Every presidential election engages us to confront our current state of affairs and informs the image of our future. What we often fail to consider, with great fault, is how our individual views speak collectively of our political and social condition.

I am the daughter of an extraordinary man who experienced the oppressive communist regime of the former Czechoslovakia. Chased by the Soviet reaction to the Prague Spring, my father and his family emigrated to Switzerland in August 1968.

My paternal grandmother survived the immense atrocities of the Holocaust; she was liberated from Theresienstadt (Terezin), a Jewish ghetto lodged in the region of Bohemia, on May 5, 1945.

Over the past few years, my father has been tirelessly researching and meeting Holocaust survivors all over the world, including those who personally knew my grandmother while subjugated by the Nazis. His commitment to understand the history of his mother’s family and that of his Jewish heritage encourages me to contribute to this collective voice.

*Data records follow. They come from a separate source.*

(* Let $\eta,\Sigma,\theta > 0$ and let $\tau \colon \mathbb{R}^{2} \to \mathbb{R}$ satisfy: ($\tau_{1}$) for every $t \in \mathbb{R}$, $y \mapsto \tau(y,t)$ is $C^{1,1}$ and $|\dot{\tau}(y_{2},t) - \dot{\tau}(y_{1},t)| \leq 2\Sigma|y_{2}-y_{1}|$ for all $y_{1},y_{2}$; ($\tau_{2}$) $\theta|t_{2}-t_{1}| \leq |\tau(y,t_{2}) - \tau(y,t_{1})| \leq \theta^{-1}|t_{2}-t_{1}|$ for all $t_{1},t_{2},y \in \mathbb{R}$; ($\tau_{3}$) $|\dot{\tau}(y,t_{2}) - \dot{\tau}(y,t_{1})| \leq \eta\sqrt{|t_{2}-t_{1}|}$ for all $y,t_{1},t_{2} \in \mathbb{R}$, where $\dot{\tau} = \partial_{y}\tau$. Define $\phi \colon \mathbb{W} \to \mathbb{L}$ by $\phi(0,y,\tau(y,t)) := (\dot{\tau}(y,t),0,0)$, let $\Gamma := \{w \cdot \phi(w) : w \in \mathbb{W}\}$, and $\Psi(y,t) := (0,y,\tau(y,t)) \cdot (\dot{\tau}(y,t),0,0)$. Then $\phi$ is an intrinsic Lipschitz function (i.e. $\Gamma$ is an intrinsic $L$-Lipschitz graph over $\mathbb{W}$), and $\Psi$ is a bilipschitz homeomorphism $(\mathbb{W},d_{\mathrm{par}}) \to (\Gamma,d)$; the intrinsic Lipschitz constant $L$ and the bilipschitz constant depend only on $\eta,\Sigma,\theta$.
   Context: $\mathbb{H}$ is $\mathbb{R}^{3}$ with group law $(x_{1},y_{1},t_{1}) \cdot (x_{2},y_{2},t_{2}) = (x_{1}+x_{2},y_{1}+y_{2},t_{1}+t_{2}+\tfrac{1}{2}(x_{1}y_{2}-x_{2}y_{1}))$ and metric $d(p,q) = \|q^{-1}\cdot p\|$ with $\|(x,y,t)\| = \max\{\sqrt{x^{2}+y^{2}},\sqrt{|t|}\}$. $\mathbb{W} = \{(0,y,t)\} \subset \mathbb{H}$, identified with $\mathbb{R}^{2}$ with metric $d_{\mathrm{par}}((y,t),(\xi,\tau)) = \max\{|y-\xi|,|t-\tau|^{1/2}\}$, and $\mathbb{L} = \{(x,0,0)\}$. Every $p \in \mathbb{H}$ splits uniquely as $p = w \cdot v$ with $w \in \mathbb{W}$, $v \in \mathbb{L}$; $\Pi_{\mathbb{W}}(p) := w = (0,y,t+\tfrac{1}{2}xy)$ and $\Pi_{\mathbb{L}}(p) := v = (x,0,0)$ for $p = (x,y,t)$. A set $\Gamma$ is an intrinsic $L$-Lipschitz graph over $\mathbb{W}$ if $\Pi_{\mathbb{W}}|_{\Gamma}$ is a bijection onto $\mathbb{W}$ and $\|\Pi_{\mathbb{L}}(q^{-1}\cdot p)\| \leq L\|\Pi_{\mathbb{W}}(q^{-1}\cdot p)\|$ for all $p,q \in \Gamma$. By ($\tau_{2}$), for each $y$ the map $t \mapsto \tau(y,t)$ is a bijection of $\mathbb{R}$, so $\phi$ is well defined on all of $\mathbb{W}$. *)

theory Defs
  imports "HOL-Analysis.Analysis"
begin

type_synonym heis = "real \<times> real \<times> real"

definition hmul :: "heis \<Rightarrow> heis \<Rightarrow> heis" where
  "hmul p q = (case p of (x1, y1, t1) \<Rightarrow> case q of (x2, y2, t2) \<Rightarrow>
     (x1 + x2, y1 + y2, t1 + t2 + (x1 * y2 - x2 * y1) / 2))"

definition hinv :: "heis \<Rightarrow> heis" where
  "hinv p = (case p of (x, y, t) \<Rightarrow> (-x, -y, -t))"

definition hnorm :: "heis \<Rightarrow> real" where
  "hnorm p = (case p of (x, y, t) \<Rightarrow> max (sqrt (x\<^sup>2 + y\<^sup>2)) (sqrt \<bar>t\<bar>))"

definition hdist :: "heis \<Rightarrow> heis \<Rightarrow> real" where
  "hdist p q = hnorm (hmul (hinv q) p)"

It is these personal histories of survival that must urgently remind us what it means to be free in both our thoughts and actions, and to seek humility over intolerance.

This year marks the 71st year of my grandmother’s liberation – a day in which she was given back her life – a life that should have never been for the taking.

Nadia Fristensky

Brooklyn

Editor’s note: Nadia Fristensky is the daughter of Frank Fristensky of Durango.